Record set below:
lemma closed_lower_set_real_cases:
  fixes D :: "real set"
  assumes "closed D" and lower: "\<And>x y. x \<in> D \<Longrightarrow> y \<le> x \<Longrightarrow> y \<in> D"
  obtains "D = {}" | "D = UNIV" | c where "D = {..c}"
proof (cases "D = {} \<or> \<not> bdd_above D")
  case True
  then consider "D = {}" | "\<not> bdd_above D" by blast
  then show ?thesis
  proof cases
    case 2
    then have "y \<in> D" for y
      using lower by (metis bdd_aboveI linorder_le_cases)
    then show ?thesis using that by blast
  qed (use that in blast)
next
  case False
  then have "Sup D \<in> D" by (intro closed_contains_Sup \<open>closed D\<close>) auto
  then have "D = {..Sup D}"
    using False lower by (auto intro: cSup_upper)
  then show ?thesis using that by blast
qed

lemma Dminus_emeasure_closed_lower_set:
  fixes F :: "real measure" and D :: "real set" and n :: nat
  assumes "Dminus F" "prob_space F" "sets F = sets borel"
    and "\<forall>i<n. 0 \<le> \<theta> i" "(\<Sum>i<n. \<theta> i) = 1"
    and "closed D" "\<And>x y. x \<in> D \<Longrightarrow> y \<le> x \<Longrightarrow> y \<in> D"
  shows "emeasure (PiM {..<n} (\<lambda>_. F))
           {u \<in> space (PiM {..<n} (\<lambda>_. F)). (\<Sum>i<n. \<theta> i * u i) \<in> D} \<le> emeasure F D"
proof -
  interpret F: prob_space F by fact
  interpret Q: prob_space "PiM {..<n} (\<lambda>_. F)" by (intro prob_space_PiM) (use assms(2) in auto)
  have "space F = UNIV" using sets_eq_imp_space_eq[OF assms(3)] by simp
  show ?thesis
  proof (rule closed_lower_set_real_cases[OF assms(6,7)])
    assume "D = {}"
    then show ?thesis by simp
  next
    assume "D = UNIV"
    then show ?thesis using Q.emeasure_le_1 F.emeasure_space_1 \<open>space F = UNIV\<close> by simp
  next
    fix c assume D: "D = {..c}"
    have "measure (PiM {..<n} (\<lambda>_. F)) {u \<in> space (PiM {..<n} (\<lambda>_. F)). (\<Sum>i<n. \<theta> i * u i) \<le> c}
        \<le> measure F {..c}"
      using assms(1)[unfolded Dminus_def, rule_format, of n \<theta> c] assms(4,5) by blast
    then show ?thesis
      by (simp add: D Q.emeasure_eq_measure F.emeasure_eq_measure ennreal_leI)
  qed
qed

lemma emeasure_pair_measure_Collect_mono_fst:
  assumes "sigma_finite_measure M" "sigma_finite_measure M'" "sigma_finite_measure N"
    and "{w \<in> space (M \<Otimes>\<^sub>M N). P (fst w) (snd w)} \<in> sets (M \<Otimes>\<^sub>M N)"
    and "{w \<in> space (M' \<Otimes>\<^sub>M N). Q (fst w) (snd w)} \<in> sets (M' \<Otimes>\<^sub>M N)"
    and "\<And>y. y \<in> space N \<Longrightarrow> emeasure M {x \<in> space M. P x y} \<le> emeasure M' {x \<in> space M'. Q x y}"
  shows "emeasure (M \<Otimes>\<^sub>M N) {w \<in> space (M \<Otimes>\<^sub>M N). P (fst w) (snd w)}
           \<le> emeasure (M' \<Otimes>\<^sub>M N) {w \<in> space (M' \<Otimes>\<^sub>M N). Q (fst w) (snd w)}"
proof -
  interpret MN: pair_sigma_finite M N by (intro pair_sigma_finite.intro assms)
  interpret M'N: pair_sigma_finite M' N by (intro pair_sigma_finite.intro assms)
  have slice: "(\<lambda>x. (x, y)) -` {w \<in> space (K \<Otimes>\<^sub>M N). R (fst w) (snd w)} = {x \<in> space K. R x y}"
    if "y \<in> space N" for K R y
    using that by (auto simp: space_pair_measure)
  show ?thesis
    unfolding MN.emeasure_pair_measure_alt2[OF assms(4)] M'N.emeasure_pair_measure_alt2[OF assms(5)]
    by (intro nn_integral_mono) (simp only: slice assms(6))
qed

lemma emeasure_pair_measure_Collect_mono_snd:
  assumes "sigma_finite_measure M" "sigma_finite_measure M'"
    and "{w \<in> space (N \<Otimes>\<^sub>M M). P (fst w) (snd w)} \<in> sets (N \<Otimes>\<^sub>M M)"
    and "{w \<in> space (N \<Otimes>\<^sub>M M'). Q (fst w) (snd w)} \<in> sets (N \<Otimes>\<^sub>M M')"
    and "\<And>x. x \<in> space N \<Longrightarrow> emeasure M {y \<in> space M. P x y} \<le> emeasure M' {y \<in> space M'. Q x y}"
  shows "emeasure (N \<Otimes>\<^sub>M M) {w \<in> space (N \<Otimes>\<^sub>M M). P (fst w) (snd w)}
           \<le> emeasure (N \<Otimes>\<^sub>M M') {w \<in> space (N \<Otimes>\<^sub>M M'). Q (fst w) (snd w)}"
proof -
  have slice: "Pair x -` {w \<in> space (N \<Otimes>\<^sub>M K). R (fst w) (snd w)} = {y \<in> space K. R x y}"
    if "x \<in> space N" for K R x
    using that by (auto simp: space_pair_measure)
  show ?thesis
    unfolding sigma_finite_measure.emeasure_pair_measure_alt[OF assms(1,3)]
      sigma_finite_measure.emeasure_pair_measure_alt[OF assms(2,4)]
    by (intro nn_integral_mono) (simp only: slice assms(5))
qed

lemma borel_measurable_convex_on_pair:
  fixes \<phi> :: "real \<times> real \<Rightarrow> real"
  assumes "convex_on UNIV \<phi>" and "sets M = sets borel" "sets N = sets borel"
  shows "\<phi> \<in> borel_measurable (M \<Otimes>\<^sub>M N)"
  using convex_on_continuous[OF open_UNIV assms(1)]
  by (simp add: measurable_cong_sets[OF sets_pair_measure_cong[OF assms(2,3)] refl]
      borel_prod borel_measurable_continuous_onI)

lemma (in prob_space) distr_indep_var_pair_map:
  assumes "indep_var S X T Y" and [measurable]: "f \<in> measurable (S \<Otimes>\<^sub>M T) N"
  shows "distr M N (\<lambda>\<omega>. f (X \<omega>, Y \<omega>)) = distr (distr M S X \<Otimes>\<^sub>M distr M T Y) N f"
proof -
  from assms(1) have [measurable]: "X \<in> measurable M S" "Y \<in> measurable M T"
    and joint: "distr M S X \<Otimes>\<^sub>M distr M T Y = distr M (S \<Otimes>\<^sub>M T) (\<lambda>\<omega>. (X \<omega>, Y \<omega>))"
    by (simp_all add: indep_var_distribution_eq)
  show ?thesis
    unfolding joint by (subst distr_distr) (auto simp: comp_def)
qed

lemma emeasure_PiM_distr_weighted_sum_le:
  fixes FX FY :: "real measure" and \<phi> :: "real \<times> real \<Rightarrow> real" and n :: nat
  assumes pX: "prob_space FX" and pY: "prob_space FY"
    and sX[measurable_cong]: "sets FX = sets borel" and sY[measurable_cong]: "sets FY = sets borel"
    and conv: "convex_on UNIV \<phi>"
    and \<theta>_nonneg: "\<forall>i<n. 0 \<le> \<theta> i" and \<theta>_sum: "(\<Sum>i<n. \<theta> i) = 1"
  defines "FZ \<equiv> distr (FX \<Otimes>\<^sub>M FY) borel \<phi>"
    and "P \<equiv> PiM {..<n} (\<lambda>_. FX) \<Otimes>\<^sub>M PiM {..<n} (\<lambda>_. FY)"
  shows "emeasure (PiM {..<n} (\<lambda>_. FZ)) {z \<in> space (PiM {..<n} (\<lambda>_. FZ)). (\<Sum>i<n. \<theta> i * z i) \<le> t}
    \<le> emeasure P {w \<in> space P. \<phi> (\<Sum>i<n. \<theta> i * fst w i, \<Sum>i<n. \<theta> i * snd w i) \<le> t}"
proof -
  let ?PZ = "PiM {..<n} (\<lambda>_. FZ)"
  let ?S = "{z \<in> space ?PZ. (\<Sum>i<n. \<theta> i * z i) \<le> t}"
  let ?\<Psi> = "\<lambda>(u, v). \<lambda>i\<in>{..<n}. \<phi> (u i, v i)"
  have [measurable]: "\<phi> \<in> borel_measurable (borel \<Otimes>\<^sub>M borel)" "\<phi> \<in> borel_measurable (FX \<Otimes>\<^sub>M FY)"
    by (intro borel_measurable_convex_on_pair[OF conv] sX sY refl)+
  have [measurable_cong]: "sets FZ = sets borel" by (simp add: FZ_def)
  have [measurable]: "?\<Psi> \<in> measurable P ?PZ" "?S \<in> sets ?PZ"
    unfolding P_def FZ_def by measurable
  have "distr P ?PZ ?\<Psi> = ?PZ"
    unfolding FZ_def P_def by (rule distr_PiM_pair_measure_map) (use pX pY in auto)
  then have "emeasure ?PZ ?S = emeasure P (?\<Psi> -` ?S \<inter> space P)"
    by (metis emeasure_distr[of ?\<Psi> P ?PZ ?S] measurable)
  also have "?\<Psi> -` ?S \<inter> space P = {w \<in> space P. (\<Sum>i<n. \<theta> i * \<phi> (fst w i, snd w i)) \<le> t}"
    by (auto simp: split_beta' space_pair_measure space_PiM FZ_def)
  also have "emeasure P \<dots>
      \<le> emeasure P {w \<in> space P. \<phi> (\<Sum>i<n. \<theta> i * fst w i, \<Sum>i<n. \<theta> i * snd w i) \<le> t}"
  proof (rule emeasure_mono)
    have "{..<n} \<noteq> {}" using \<theta>_sum by auto
    then have "\<phi> (\<Sum>i<n. \<theta> i * u i, \<Sum>i<n. \<theta> i * v i) \<le> (\<Sum>i<n. \<theta> i * \<phi> (u i, v i))" for u v
      using convex_on_pair_sum[OF conv finite_lessThan] \<theta>_nonneg \<theta>_sum by simp
    then show "{w \<in> space P. (\<Sum>i<n. \<theta> i * \<phi> (fst w i, snd w i)) \<le> t}
        \<subseteq> {w \<in> space P. \<phi> (\<Sum>i<n. \<theta> i * fst w i, \<Sum>i<n. \<theta> i * snd w i) \<le> t}"
      by (auto intro: order_trans)
  qed (unfold P_def, measurable)
  finally show ?thesis .
qed

lemma Dminus_emeasure_pair_weighted_sum_le:
  fixes FX FY :: "real measure" and \<phi> :: "real \<times> real \<Rightarrow> real" and n :: nat
  assumes pX: "prob_space FX" and pY: "prob_space FY"
    and sX[measurable_cong]: "sets FX = sets borel" and sY[measurable_cong]: "sets FY = sets borel"
    and DX: "Dminus FX" and DY: "Dminus FY"
    and mono: "\<And>a b c d. a \<le> c \<Longrightarrow> b \<le> d \<Longrightarrow> \<phi> (a, b) \<le> \<phi> (c, d)"
    and cont: "continuous_on UNIV \<phi>"
    and \<theta>_nonneg: "\<forall>i<n. 0 \<le> \<theta> i" and \<theta>_sum: "(\<Sum>i<n. \<theta> i) = 1"
  defines "PX \<equiv> PiM {..<n} (\<lambda>_. FX)" and "PY \<equiv> PiM {..<n} (\<lambda>_. FY)"
  shows "emeasure (PX \<Otimes>\<^sub>M PY) {w \<in> space (PX \<Otimes>\<^sub>M PY). \<phi> (\<Sum>i<n. \<theta> i * fst w i, \<Sum>i<n. \<theta> i * snd w i) \<le> t}
    \<le> emeasure (FX \<Otimes>\<^sub>M FY) {w \<in> space (FX \<Otimes>\<^sub>M FY). \<phi> (fst w, snd w) \<le> t}"
proof -
  define s where "s u = (\<Sum>i<n. \<theta> i * u i)" for u :: "nat \<Rightarrow> real"
  have [measurable]: "\<phi> \<in> borel_measurable (borel \<Otimes>\<^sub>M borel)"
    by (simp add: borel_prod borel_measurable_continuous_onI cont)
  then have [measurable]: "\<phi> \<in> borel_measurable (FX \<Otimes>\<^sub>M FY)"
    by (simp add: measurable_cong_sets[OF sets_pair_measure_cong[OF sX sY] refl])
  have [measurable]: "s \<in> borel_measurable PX" "s \<in> borel_measurable PY"
    unfolding s_def PX_def PY_def by measurable
  have sf: "sigma_finite_measure FX" "sigma_finite_measure FY"
    "sigma_finite_measure PX" "sigma_finite_measure PY"
    unfolding PX_def PY_def using pX pY by (auto intro: prob_space_imp_sigma_finite prob_space_PiM)
  have closed_slice: "closed {a. \<phi> (a, b) \<le> t}" "closed {b. \<phi> (a, b) \<le> t}" for a b
    by (intro closed_Collect_le continuous_on_const continuous_on_compose2[OF cont]
        continuous_intros; simp)+
  have lower_slice_fst: "y \<in> {a. \<phi> (a, b) \<le> t}" if "x \<in> {a. \<phi> (a, b) \<le> t}" "y \<le> x" for b x y
    using that mono[of y x b b] by auto
  have lower_slice_snd: "y \<in> {b. \<phi> (a, b) \<le> t}" if "x \<in> {b. \<phi> (a, b) \<le> t}" "y \<le> x" for a x y
    using that mono[of a a y x] by auto
  have "Measurable.pred (PX \<Otimes>\<^sub>M PY) (\<lambda>w. \<phi> (s (fst w), s (snd w)) \<le> t)"
    by measurable
  moreover have "Measurable.pred (FX \<Otimes>\<^sub>M PY) (\<lambda>w. \<phi> (fst w, s (snd w)) \<le> t)"
    by measurable
  moreover have "Measurable.pred (FX \<Otimes>\<^sub>M FY) (\<lambda>w. \<phi> (fst w, snd w) \<le> t)"
    unfolding prod.collapse by measurable
  ultimately have pred_sets: "{w \<in> space (PX \<Otimes>\<^sub>M PY). \<phi> (s (fst w), s (snd w)) \<le> t} \<in> sets (PX \<Otimes>\<^sub>M PY)"
    "{w \<in> space (FX \<Otimes>\<^sub>M PY). \<phi> (fst w, s (snd w)) \<le> t} \<in> sets (FX \<Otimes>\<^sub>M PY)"
    "{w \<in> space (FX \<Otimes>\<^sub>M FY). \<phi> (fst w, snd w) \<le> t} \<in> sets (FX \<Otimes>\<^sub>M FY)"
    by (simp_all add: Measurable.pred_def)
  have "emeasure (PX \<Otimes>\<^sub>M PY) {w \<in> space (PX \<Otimes>\<^sub>M PY). \<phi> (s (fst w), s (snd w)) \<le> t}
      \<le> emeasure (FX \<Otimes>\<^sub>M PY) {w \<in> space (FX \<Otimes>\<^sub>M PY). \<phi> (fst w, s (snd w)) \<le> t}"
  proof (rule emeasure_pair_measure_Collect_mono_fst[OF sf(3,1,4) pred_sets(1,2)])
    fix v
    show "emeasure PX {u \<in> space PX. \<phi> (s u, s v) \<le> t} \<le> emeasure FX {a \<in> space FX. \<phi> (a, s v) \<le> t}"
      using Dminus_emeasure_closed_lower_set[OF DX pX sX \<theta>_nonneg \<theta>_sum closed_slice(1) lower_slice_fst]
      by (simp add: sets_eq_imp_space_eq[OF sX] s_def PX_def)
  qed
  also have "\<dots> \<le> emeasure (FX \<Otimes>\<^sub>M FY) {w \<in> space (FX \<Otimes>\<^sub>M FY). \<phi> (fst w, snd w) \<le> t}"
  proof (rule emeasure_pair_measure_Collect_mono_snd[OF sf(4,2) pred_sets(2,3)])
    fix a
    show "emeasure PY {v \<in> space PY. \<phi> (a, s v) \<le> t} \<le> emeasure FY {b \<in> space FY. \<phi> (a, b) \<le> t}"
      using Dminus_emeasure_closed_lower_set[OF DY pY sY \<theta>_nonneg \<theta>_sum closed_slice(2) lower_slice_snd]
      by (simp add: sets_eq_imp_space_eq[OF sY] s_def PY_def)
  qed
  finally show ?thesis by (simp add: s_def)
qed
End of Record set.
Up to and including the line that contains "closed_contains_Sup \<open>closed D\<close>) auto", restate word for word every line of the entries, starting from the first.

lemma closed_lower_set_real_cases:
  fixes D :: "real set"
  assumes "closed D" and lower: "\<And>x y. x \<in> D \<Longrightarrow> y \<le> x \<Longrightarrow> y \<in> D"
  obtains "D = {}" | "D = UNIV" | c where "D = {..c}"
proof (cases "D = {} \<or> \<not> bdd_above D")
  case True
  then consider "D = {}" | "\<not> bdd_above D" by blast
  then show ?thesis
  proof cases
    case 2
    then have "y \<in> D" for y
      using lower by (metis bdd_aboveI linorder_le_cases)
    then show ?thesis using that by blast
  qed (use that in blast)
next
  case False
  then have "Sup D \<in> D" by (intro closed_contains_Sup \<open>closed D\<close>) auto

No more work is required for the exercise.